Elias Myrlid

Personal information
- Full name: Elias Heggland Myrlid
- Date of birth: 4 August 2002 (age 24)
- Position: Striker

Team information
- Current team: Aalesund
- Number: 17

Youth career
- –2020: Os
- 2021–2022: Brann

Senior career*
- Years: Team / Apps / (Gls)
- 2018–2019: Os / 5 / (1)
- 2021–2023: Brann 2 / 42 / (39)
- 2023: Brann / 5 / (0)
- 2023: → Kristiansund (loan) / 3 / (0)
- 2023: → Kongsvinger (loan) / 10 / (2)
- 2024–2025: Hødd / 36 / (15)
- 2025–: Aalesund / 30 / (4)

= Elias Myrlid =

Norwegian footballer (born 2002)

Elias Myrlid (born 4 August 2002) is a Norwegian footballer who plays as a striker for Aalesunds FK.

He started his youth career in Os TF, making his first-team debut in 2018 against Telavåg, and even scoring on his debut. Having played sparingly for Os, the 2020 season (below the Second Division) was then cancelled in 2020, with Myrlid therefore only playing youth football for Os that season. In 2021 he moved to the academy of SK Brann.

His performances for Brann's senior B team were stellar, scoring 16 goals in just 11 games in 2021, followed by 17 goals in 2022. The team was subsequently promoted from the Third Division, but Myrlid also managed 6 goals in 7 matches in the 2023 2. divisjon. Nevertheless, he was told by B team coach Azar Karadas to lead a more professional lifestyle.

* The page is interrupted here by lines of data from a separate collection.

(* Let $(X_t, t>0)$ be a real-valued process and let $0<a\le 1$, $b_2\ge b_1\ge 0$ be constants. Assume there is $t_0>1$ such that for every $p>1$ there exists a constant $c_p>0$ with $$\|X_t\|_p\le c_p\,t^a(\log t)^{b_1}\quad\forall t>t_0,$$ $$\|X_t-X_s\|_p\le c_p\,(t-s)^a(\log t)^{b_2}\quad\text{for } t_0\le s\le t-1,$$ $$\Big\|\sup_{t\le u\le t+1}|X_u-X_t|\Big\|_p\le c_p\,t^{a/2}\quad\forall t>t_0.$$ Then for every $\epsilon>0$, $X_t=o\big(t^a(\log t)^{b_1+\epsilon}\big)$ almost surely as $t\to\infty$.
   Context: $\|\xi\|_p=(\mathbb{E}|\xi|^p)^{1/p}$ denotes the $L^p$-norm of a random variable $\xi$. *)

theory Defs
  imports "HOL-Probability.Probability"
begin

definition epow :: "ennreal \<Rightarrow> real \<Rightarrow> ennreal" where
  "epow x r = (if x = \<infinity> then \<infinity> else ennreal (enn2real x powr r))"

definition Lp_norm_enn :: "'a measure \<Rightarrow> real \<Rightarrow> ('a \<Rightarrow> ennreal) \<Rightarrow> ennreal" where
  "Lp_norm_enn M p f = epow (\<integral>\<^sup>+ \<omega>. epow (f \<omega>) p \<partial>M) (1 / p)"

definition Lp_norm :: "'a measure \<Rightarrow> real \<Rightarrow> ('a \<Rightarrow> real) \<Rightarrow> ennreal" where
  "Lp_norm M p \<xi> = Lp_norm_enn M p (\<lambda>\<omega>. ennreal \<bar>\<xi> \<omega>\<bar>)"

end

theory Submission
  imports Defs "HOL-Real_Asymp.Real_Asymp"
begin

(* Chaining over dyadic blocks.  Inside [2^m, 2^(m+1)) take a coarse grid of 2^L ~ m^K equally
   spaced points and, below it, the dyadic increments of length 2^l with l < m - L.  Markov's
   inequality for a large moment p makes it unlikely that some grid point exceeds
   2^(ma) m^(b1+\<delta>) (moment bound for X) or that some increment exceeds 2^(ma)/m (increment
   bound; level l contributes 2^((m-l)(1-ap)), which is tiny because m - l > L).  Suitable K and p
   make both probabilities O(m^-2), so by Borel-Cantelli almost surely all late blocks are good,
   and chaining gives |X_j| = O(j^a (log j)^(b1+\<delta>)) at the integers, for every \<delta> > 0.  The
   oscillation bound with p = 4/a and Borel-Cantelli bound X between consecutive integers by j^a,
   and taking \<delta> = \<epsilon>/2 turns the O-bound into an o-bound. *)

section \<open>Markov inequality and Borel--Cantelli\<close>

lemma epow_measurable [measurable]: "(\<lambda>x. epow x r) \<in> borel_measurable borel"
  unfolding epow_def by measurable

lemma nn_integral_epow_le_of_Lp_norm_enn_le:
  assumes p: "0 < p" and B: "0 \<le> B" and norm_le: "Lp_norm_enn M p f \<le> ennreal B"
  shows "(\<integral>\<^sup>+ \<omega>. epow (f \<omega>) p \<partial>M) \<le> ennreal (B powr p)"
proof -
  let ?I = "\<integral>\<^sup>+ \<omega>. epow (f \<omega>) p \<partial>M"
  have I_finite: "?I \<noteq> \<infinity>"
    using norm_le by (auto simp: Lp_norm_enn_def epow_def top_unique)
  then have "enn2real ?I powr (1 / p) \<le> B"
    using norm_le B unfolding Lp_norm_enn_def epow_def by simp
  then have "(enn2real ?I powr (1 / p)) powr p \<le> B powr p"
    using p by (intro powr_mono2) auto
  then have "ennreal (enn2real ?I) \<le> ennreal (B powr p)"
    using p by (intro ennreal_leI) (simp add: powr_powr)
  with I_finite show ?thesis
    by (simp add: ennreal_enn2real_if)
qed

lemma one_le_scaled_epow:
  assumes p: "0 < p" and d: "0 < d" and "ennreal d < x"
  shows "1 \<le> ennreal (1 / d powr p) * epow x p"
proof (cases x rule: ennreal_cases)
  case (real y)
  with assms have "d powr p \<le> y powr p"
    by (intro powr_mono2) (auto simp: ennreal_less_iff)
  then have "1 \<le> (1 / d powr p) * y powr p"
    using d by (simp add: field_simps)
  then show ?thesis
    using real d by (simp add: epow_def ennreal_mult[symmetric])
qed (use d in \<open>simp add: epow_def ennreal_mult_top\<close>)

lemma Lp_norm_enn_Markov:
  assumes [measurable]: "f \<in> borel_measurable M"
    and p: "0 < p" and d: "0 < d" and B: "0 \<le> B" and norm_le: "Lp_norm_enn M p f \<le> ennreal B"
  shows "measure M {\<omega>\<in>space M. ennreal d < f \<omega>} \<le> (B / d) powr p"
proof -
  have "emeasure M {\<omega>\<in>space M. ennreal d < f \<omega>} = (\<integral>\<^sup>+ \<omega>. indicator {\<omega>\<in>space M. ennreal d < f \<omega>} \<omega> \<partial>M)"
    by (intro nn_integral_indicator[symmetric]) measurable
  also have "\<dots> \<le> (\<integral>\<^sup>+ \<omega>. ennreal (1 / d powr p) * epow (f \<omega>) p \<partial>M)"
    using one_le_scaled_epow[OF p d] by (intro nn_integral_mono) (simp add: indicator_def)
  also have "\<dots> = ennreal (1 / d powr p) * (\<integral>\<^sup>+ \<omega>. epow (f \<omega>) p \<partial>M)"
    by (simp add: nn_integral_cmult)
  also have "\<dots> \<le> ennreal (1 / d powr p) * ennreal (B powr p)"
    using nn_integral_epow_le_of_Lp_norm_enn_le[OF p B norm_le] by (rule mult_left_mono) simp
  also have "\<dots> = ennreal ((B / d) powr p)"
    using d B by (simp add: ennreal_mult[symmetric] powr_divide)
  finally show ?thesis
    by (simp add: measure_def enn2real_leI)
qed

lemma Lp_norm_Markov:
  assumes "\<xi> \<in> borel_measurable M" "0 < p" "0 < d" "0 \<le> B" "Lp_norm M p \<xi> \<le> ennreal B"
  shows "measure M {\<omega>\<in>space M. d < \<bar>\<xi> \<omega>\<bar>} \<le> (B / d) powr p"
proof -
  have "{\<omega>\<in>space M. d < \<bar>\<xi> \<omega>\<bar>} = {\<omega>\<in>space M. ennreal d < ennreal \<bar>\<xi> \<omega>\<bar>}"
    using \<open>0 < d\<close> by (auto simp: ennreal_less_iff)
  then show ?thesis
    using assms by (simp add: Lp_norm_def Lp_norm_enn_Markov)
qed

lemma exceedance_in_sets:
  fixes f :: "'a \<Rightarrow> real"
  assumes [measurable]: "f \<in> borel_measurable M"
  shows "{\<omega>\<in>space M. d < \<bar>f \<omega>\<bar>} \<in> sets M"
  by measurable

lemma measure_UN_le_card_mult:
  fixes b :: real
  assumes "finite I" "\<And>i. i \<in> I \<Longrightarrow> A i \<in> sets M" "\<And>i. i \<in> I \<Longrightarrow> measure M (A i) \<le> b"
  shows "measure M (\<Union>i\<in>I. A i) \<le> card I * b"
proof -
  have "measure M (\<Union>i\<in>I. A i) \<le> (\<Sum>i\<in>I. measure M (A i))"
    using assms by (intro measure_UNION_le)
  also have "\<dots> \<le> card I * b"
    using assms(3) by (rule sum_bounded_above)
  finally show ?thesis .
qed

lemma (in prob_space) AE_eventually_notin_if_summable_bound:
  assumes "eventually (\<lambda>n. A n \<in> events \<and> prob (A n) \<le> b n) sequentially" and "summable b"
  shows "AE \<omega> in M. eventually (\<lambda>n. \<omega> \<notin> A n) sequentially"
proof -
  obtain N where N: "\<And>n. n \<ge> N \<Longrightarrow> A n \<in> events \<and> prob (A n) \<le> b n"
    using assms(1) by (auto simp: eventually_sequentially)
  define A' where "A' n = (if N \<le> n then A n else {})" for n
  have "summable (\<lambda>n. prob (A' n))"
    using assms(2) by (rule summable_comparison_test'[where N = N]) (simp add: A'_def N)
  then have "AE \<omega> in M. eventually (\<lambda>n. \<omega> \<in> space M - A' n) sequentially"
    by (intro borel_cantelli_AE1) (auto simp: A'_def N less_top[symmetric])
  then show ?thesis
  proof (rule AE_mp[OF _ AE_I2], intro impI)
    fix \<omega> assume "eventually (\<lambda>n. \<omega> \<in> space M - A' n) sequentially"
    then show "eventually (\<lambda>n. \<omega> \<notin> A n) sequentially"
      using eventually_ge_at_top[of N] by eventually_elim (simp add: A'_def)
  qed
qed

lemma (in prob_space) AE_eventually_le_of_Lp_norm_enn_bound:
  fixes Z :: "nat \<Rightarrow> 'a \<Rightarrow> ennreal"
  assumes a: "0 < a" and pa: "2 < p * a" and c: "0 \<le> c"
    and bound: "eventually (\<lambda>j. Z j \<in> borel_measurable M \<and>
      Lp_norm_enn M p (Z j) \<le> ennreal (c * real j powr (a / 2))) sequentially"
  shows "AE \<omega> in M. eventually (\<lambda>j. Z j \<omega> \<le> ennreal (real j powr a)) sequentially"
proof -
  have p: "0 < p"
    using mult_nonpos_nonneg[of p a] a pa by force
  define F where "F j = {\<omega>\<in>space M. ennreal (real j powr a) < Z j \<omega>}" for j
  have "AE \<omega> in M. eventually (\<lambda>j. \<omega> \<notin> F j) sequentially"
  proof (rule AE_eventually_notin_if_summable_bound)
    show "eventually (\<lambda>j. F j \<in> events \<and> prob (F j) \<le> c powr p * real j powr (- (p * a / 2))) sequentially"
      using bound eventually_gt_at_top[of 0]
    proof eventually_elim
      case (elim j)
      then have [measurable]: "Z j \<in> borel_measurable M"
        by simp
      have "prob (F j) \<le> (c * real j powr (a / 2) / real j powr a) powr p"
        unfolding F_def using elim p c by (intro Lp_norm_enn_Markov) auto
      also have "c * real j powr (a / 2) / real j powr a = c * real j powr (- (a / 2))"
        using powr_diff[of "real j" "a / 2" a] by simp
      also have "(c * real j powr (- (a / 2))) powr p = c powr p * real j powr (- (p * a / 2))"
        using c by (simp add: powr_mult powr_powr mult.commute)
      finally show ?case
        unfolding F_def by simp
    qed
    show "summable (\<lambda>j. c powr p * real j powr (- (p * a / 2)))"
      using pa by (intro summable_mult) (simp add: summable_real_powr_iff)
  qed
  then show ?thesis
    by (rule AE_mp[OF _ AE_I2]) (auto simp: F_def not_less elim!: eventually_mono)
qed

section \<open>Dyadic chaining\<close>

lemma dyadic_chain_bound:
  fixes f :: "nat \<Rightarrow> real" and d :: "nat \<Rightarrow> real"
  assumes "\<And>l i. l < r \<Longrightarrow> i < 2^(r-l) \<Longrightarrow> \<bar>f ((i+1) * 2^l) - f (i * 2^l)\<bar> \<le> d l"
    and "j < 2^r"
  shows "\<bar>f j - f 0\<bar> \<le> (\<Sum>l<r. d l)"
  using assms
proof (induction r arbitrary: f j)
  case 0
  then show ?case by simp
next
  case (Suc r)
  have top_step: "\<bar>f (2^r) - f 0\<bar> \<le> d r"
    using Suc.prems(1)[of r 0] by simp
  show ?case
  proof (cases "j < 2^r")
    case True
    have "\<bar>f ((i+1) * 2^l) - f (i * 2^l)\<bar> \<le> d l" if "l < r" "i < 2^(r-l)" for l i
    proof -
      have "(2::nat)^(r-l) \<le> 2^(Suc r - l)"
        by (intro power_increasing) auto
      with that(2) have "i < 2^(Suc r - l)"
        by (rule less_le_trans)
      then show ?thesis
        using that(1) Suc.prems(1)[of l i] by simp
    qed
    from Suc.IH[OF this True] top_step show ?thesis by simp
  next
    case False
    have "\<bar>f (2^r + (i+1) * 2^l) - f (2^r + i * 2^l)\<bar> \<le> d l" if l: "l < r" and i: "i < 2^(r-l)" for l i
    proof -
      have "(2::nat)^r = 2^(r-l) * 2^l" and "(2::nat)^(Suc r - l) = 2 * 2^(r-l)"
        using l by (simp_all add: power_add[symmetric] Suc_diff_le)
      then show ?thesis
        using i l Suc.prems(1)[of l "i + 2^(r-l)"] by (simp add: algebra_simps)
    qed
    moreover have "j - 2^r < 2^r"
      using Suc.prems(2) False by simp
    ultimately have "\<bar>f (2^r + (j - 2^r)) - f (2^r + 0)\<bar> \<le> (\<Sum>l<r. d l)"
      by (rule Suc.IH[where f = "\<lambda>x. f (2^r + x)"])
    then show ?thesis
      using False top_step by simp
  qed
qed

At the start of 2023, Myrlid was loaned out to second-tier club Kristiansund. After only three games, Brann mandated his return; at this time he signed his first contract with the senior team. Myrlid's Eliteserien debut for Brann came in the 16 May Game of 2023. He totaled five appearances in Eliteserien in addition to five cup matches, before being loaned out again, this time to Kongsvinger. Here, he again scored on his debut, against Ranheim.

Having returned to Brann, he was bought by IL Hødd at the very end of the 2024 winter transfer window. As Myrlid scored 9 goals in the 2024 2. divisjon and 6 goals in the first half of the 2025 1. divisjon, he was bought out by rivals Aalesunds FK. Swedish second-tier club Helsingborgs IF was also in contention to sign the striker.

In the 2026 Norwegian Cup, Myrlid scored a hat-trick for Aalesund in the first round, and followed up with two goals in the second round.